◆ **GIVEN RECORDS**
(* Let $A\in\mathbb R^{m\times n}$, and let $\omega:\mathbb R^m\to\mathbb R$ be convex (finite everywhere) and globally $K_\omega$-Lipschitz continuous. Fix $y\in\mathbb R^n$ and $\lambda>0$ and define $$\Phi_\lambda(u)=\omega(Au)+\frac1{2\lambda}\|u-y\|^2\ (u\in\mathbb R^n),\qquad \Psi_\lambda(v)=\frac1{2\lambda}\|\lambda A^\top v-y\|^2+\omega^\star(v)-\frac1{2\lambda}\|y\|^2\ (v\in\mathbb R^m).$$ Let $\bar v$ be a minimizer of $\Psi_\lambda$, let $(v_j)_{j\ge0}\subseteq\mathbb R^m$ satisfy $\lim_{j\to\infty}\Psi_\lambda(v_j)=\Psi_\lambda(\bar v)$, and set $z_j=y-\lambda A^\top v_j$ and $\bar z=y-\lambda A^\top\bar v$. Then: (i) $\bar z$ is a minimizer of $\Phi_\lambda$; (ii) $\Psi_\lambda(v_j)-\Psi_\lambda(\bar v)\ge\frac1{2\lambda}\|z_j-\bar z\|^2$ for all $j$, and consequently $z_j\to\bar z$; (iii) for all $j$, $$\Phi_\lambda(z_j)-\Phi_\lambda(\bar z)\le\sqrt{\Psi_\lambda(v_j)-\Psi_\lambda(\bar v)}\Big(2\sqrt{2\lambda}\,K_\omega\|A\|+\sqrt{\Psi_\lambda(v_j)-\Psi_\lambda(\bar v)}\Big).$$
   Context: $\omega^\star(v)=\sup_{z\in\mathbb R^m}\{\langle z,v\rangle-\omega(z)\}$ is the Fenchel conjugate; $\|A\|$ is the operator (spectral) norm. *)

theory Defs
  imports "HOL-Analysis.Analysis"
begin

definition fconj :: "(real^'m \<Rightarrow> real) \<Rightarrow> real^'m \<Rightarrow> ereal" where
  "fconj \<omega> v = (SUP z. ereal (inner z v - \<omega> z))"

definition PhiL :: "real^'n^'m \<Rightarrow> (real^'m \<Rightarrow> real) \<Rightarrow> real^'n \<Rightarrow> real \<Rightarrow> real^'n \<Rightarrow> real" where
  "PhiL A \<omega> y lam u = \<omega> (A *v u) + (1 / (2*lam)) * (norm (u - y))^2"

definition PsiL :: "real^'n^'m \<Rightarrow> (real^'m \<Rightarrow> real) \<Rightarrow> real^'n \<Rightarrow> real \<Rightarrow> real^'m \<Rightarrow> ereal" where
  "PsiL A \<omega> y lam v = ereal ((1 / (2*lam)) * (norm (lam *\<^sub>R (transpose A *v v) - y))^2)
      + fconj \<omega> v - ereal ((1 / (2*lam)) * (norm y)^2)"

end

theory Submission
  imports Defs
begin

(* For every u and every v with finite conjugate, writing z(v) = y - lam A^T v,
     Phi u + Psi v = |u - z(v)|^2 / (2 lam) + (omega(A u) + omega*(v) - <A u, v>),
   and the last bracket is nonnegative by Fenchel-Young.  At a minimiser vbar of Psi
   the bracket vanishes for u = z(vbar): perturbing vbar along segments gives a
   variational inequality which, combined with omega = omega** (separation of the
   closed convex epigraph), forces equality in Fenchel-Young at A z(vbar).  Hence
   Phi (z vbar) = - Psi vbar, which yields (i) and (ii).  Moreover vbar is then a
   subgradient of omega at A z(vbar), so |vbar| <= K, and (iii) follows from (ii). *)

lemma convex_on_affine_minorant_approx:
  fixes f :: "'a::euclidean_space \<Rightarrow> real"
  assumes conv: "convex_on UNIV f" and cont: "continuous_on UNIV f" and e: "e > 0"
  shows "\<exists>w c. (\<forall>z. c + inner w z \<le> f z) \<and> f x - e < c + inner w x"
proof -
  let ?S = "epigraph UNIV f"
  have "convex ?S" using conv by (rule convex_epigraphI)
  moreover have "closed ?S"
  proof -
    have "?S = {p. f (fst p) - snd p \<le> 0}" by (auto simp: epigraph_def)
    moreover have "closed {p. f (fst p) - snd p \<le> (0::real)}"
      by (rule closed_Collect_le) (auto intro!: continuous_intros continuous_on_compose2[OF cont])
    ultimately show ?thesis by simp
  qed
  moreover have "(x, f x - e) \<notin> ?S" using e by (auto simp: epigraph_def)
  ultimately obtain a b where ab: "inner a (x, f x - e) < b" "\<forall>p\<in>?S. inner a p > b"
    using separating_hyperplane_closed_point by blast
  obtain a1 a2 where a: "a = (a1, a2)" by (cases a)
  have below: "inner a1 x + a2 * (f x - e) < b" using ab(1) a by (simp add: inner_Pair)
  have above: "inner a1 z + a2 * t > b" if "f z \<le> t" for z t
    using ab(2) a that by (auto simp: epigraph_def inner_Pair)
  have "a2 * e > 0" using below above[of x "f x"] by (simp add: algebra_simps)
  then have a2: "a2 > 0" using e by (simp add: zero_less_mult_iff)
  show ?thesis
  proof (intro exI conjI allI)
    fix z
    have "b / a2 - inner a1 z / a2 < f z" using above[of z "f z"] a2 by (simp add: field_simps)
    then show "b / a2 + inner (- (1/a2) *\<^sub>R a1) z \<le> f z" by simp
  next
    have "f x - e < b / a2 - inner a1 x / a2" using below a2 by (simp add: field_simps)
    then show "f x - e < b / a2 + inner (- (1/a2) *\<^sub>R a1) x" by simp
  qed
qed

lemma nonpos_if_mult_le_square:
  fixes g C :: real
  assumes "\<And>t. 0 < t \<Longrightarrow> t \<le> 1 \<Longrightarrow> t * g \<le> t^2 * C"
  shows "g \<le> 0"
proof (rule ccontr)
  assume "\<not> g \<le> 0"
  define t where "t = min 1 (g / (\<bar>C\<bar> + 1))"
  have t: "0 < t" "t \<le> 1" unfolding t_def using \<open>\<not> g \<le> 0\<close> by auto
  have "g \<le> t * C" using assms[OF t] t by (simp add: power2_eq_square)
  also have "\<dots> \<le> t * \<bar>C\<bar>" using t by (simp add: mult_left_mono)
  also have "\<dots> \<le> g / (\<bar>C\<bar> + 1) * \<bar>C\<bar>" unfolding t_def by (intro mult_right_mono) auto
  also have "\<dots> < g" using \<open>\<not> g \<le> 0\<close> by (simp add: field_simps)
  finally show False by simp
qed

lemma lipschitz_subgradient_norm_le:
  fixes f :: "'a::real_inner \<Rightarrow> real"
  assumes lip: "K-lipschitz_on UNIV f" and subgrad: "\<And>x'. f x + inner (x' - x) g \<le> f x'"
  shows "norm g \<le> K"
proof (cases "g = 0")
  case True
  then show ?thesis using lipschitz_on_nonneg[OF lip] by simp
next
  case False
  have "(norm g)^2 \<le> f (x + g) - f x" using subgrad[of "x + g"] by (simp add: power2_norm_eq_inner)
  also have "\<dots> \<le> K * norm g"
    using lipschitz_onD[OF lip, of "x + g" x] by (simp add: dist_norm dist_real_def)
  finally show ?thesis using False by (simp add: power2_eq_square)
qed

lemma LIMSEQ_if_ereal_excess_ge_square:
  fixes f :: "nat \<Rightarrow> ereal" and x :: "nat \<Rightarrow> 'a::real_normed_vector"
  assumes lim: "f \<longlonglongrightarrow> ereal p" and c: "c > 0"
    and excess: "\<And>j. ereal (c * (norm (x j - x0))^2) \<le> f j - ereal p"
  shows "x \<longlonglongrightarrow> x0"
proof (rule tendstoI)
  fix e :: real assume e: "0 < e"
  have "ereal p < ereal (p + c * e^2)" using c e by simp
  from order_tendstoD(2)[OF lim this]
  show "\<forall>\<^sub>F j in sequentially. dist (x j) x0 < e"
  proof (rule eventually_mono)
    fix j assume "f j < ereal (p + c * e^2)"
    then have "c * (norm (x j - x0))^2 < c * e^2"
      using excess[of j] by (cases "f j") auto
    then have "(norm (x j - x0))^2 < e^2" using c by simp
    then show "dist (x j) x0 < e" using e by (simp add: dist_norm power_less_imp_less_base)
  qed
qed

lemma fenchel_young: "ereal (inner z v - \<omega> z) \<le> fconj \<omega> v"
  unfolding fconj_def by (rule SUP_upper) auto

lemma fconj_leI: "(\<And>z. inner z v - \<omega> z \<le> c) \<Longrightarrow> fconj \<omega> v \<le> ereal c"
  unfolding fconj_def by (rule SUP_least) auto

lemma fconj_neq_minf: "fconj \<omega> v \<noteq> -\<infinity>"
  using fenchel_young[of 0 v \<omega>] by auto

lemma fconj_le_ereal_E:
  assumes "fconj \<omega> v \<le> ereal c"
  obtains b where "fconj \<omega> v = ereal b" "b \<le> c"
  using assms fconj_neq_minf[of \<omega> v] by (cases "fconj \<omega> v") auto

lemma fconj_convex_combination:
  assumes "fconj \<omega> a = ereal p" "fconj \<omega> b = ereal q" "0 \<le> t" "t \<le> 1"
  shows "fconj \<omega> ((1 - t) *\<^sub>R a + t *\<^sub>R b) \<le> ereal ((1 - t) * p + t * q)"
proof (rule fconj_leI)
  fix z
  have "inner z ((1 - t) *\<^sub>R a + t *\<^sub>R b) - \<omega> z
      = (1 - t) * (inner z a - \<omega> z) + t * (inner z b - \<omega> z)"
    by (simp add: inner_simps algebra_simps)
  also have "\<dots> \<le> (1 - t) * p + t * q"
    using fenchel_young[of z a \<omega>] fenchel_young[of z b \<omega>] assms
    by (intro add_mono mult_left_mono) auto
  finally show "inner z ((1 - t) *\<^sub>R a + t *\<^sub>R b) - \<omega> z \<le> (1 - t) * p + t * q" .
qed

lemma fconj_eq_imp_subgradient:
  assumes "fconj \<omega> v = ereal (inner x v - \<omega> x)"
  shows "\<omega> x + inner (x' - x) v \<le> \<omega> x'"
  using fenchel_young[of x' v \<omega>] assms by (simp add: inner_diff_left)

lemma fconj_biconjugate_approx:
  assumes "convex_on UNIV \<omega>" "continuous_on UNIV \<omega>" "e > 0"
  shows "\<exists>w. fconj \<omega> w \<le> ereal (inner x w - \<omega> x + e)"
proof -
  obtain w c where minorant: "\<And>z. c + inner w z \<le> \<omega> z" and close: "\<omega> x - e < c + inner w x"
    using convex_on_affine_minorant_approx[OF assms, of x] by blast
  have "fconj \<omega> w \<le> ereal (- c)"
    using minorant by (intro fconj_leI) (simp add: inner_commute algebra_simps)
  also have "\<dots> \<le> ereal (inner x w - \<omega> x + e)" using close by (simp add: inner_commute)
  finally show ?thesis ..
qed

lemma inner_matrix_vector_transpose:
  fixes A :: "real^'n^'m"
  shows "inner (A *v u) w = inner u (transpose A *v w)"
  by (metis dot_lmul_matrix inner_commute transpose_matrix_vector)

◆ **WHAT TO WORK ON**
State how many lines of the listing include the word "above". Reply with the number alone.

◆ **TASK RESPONSE**
3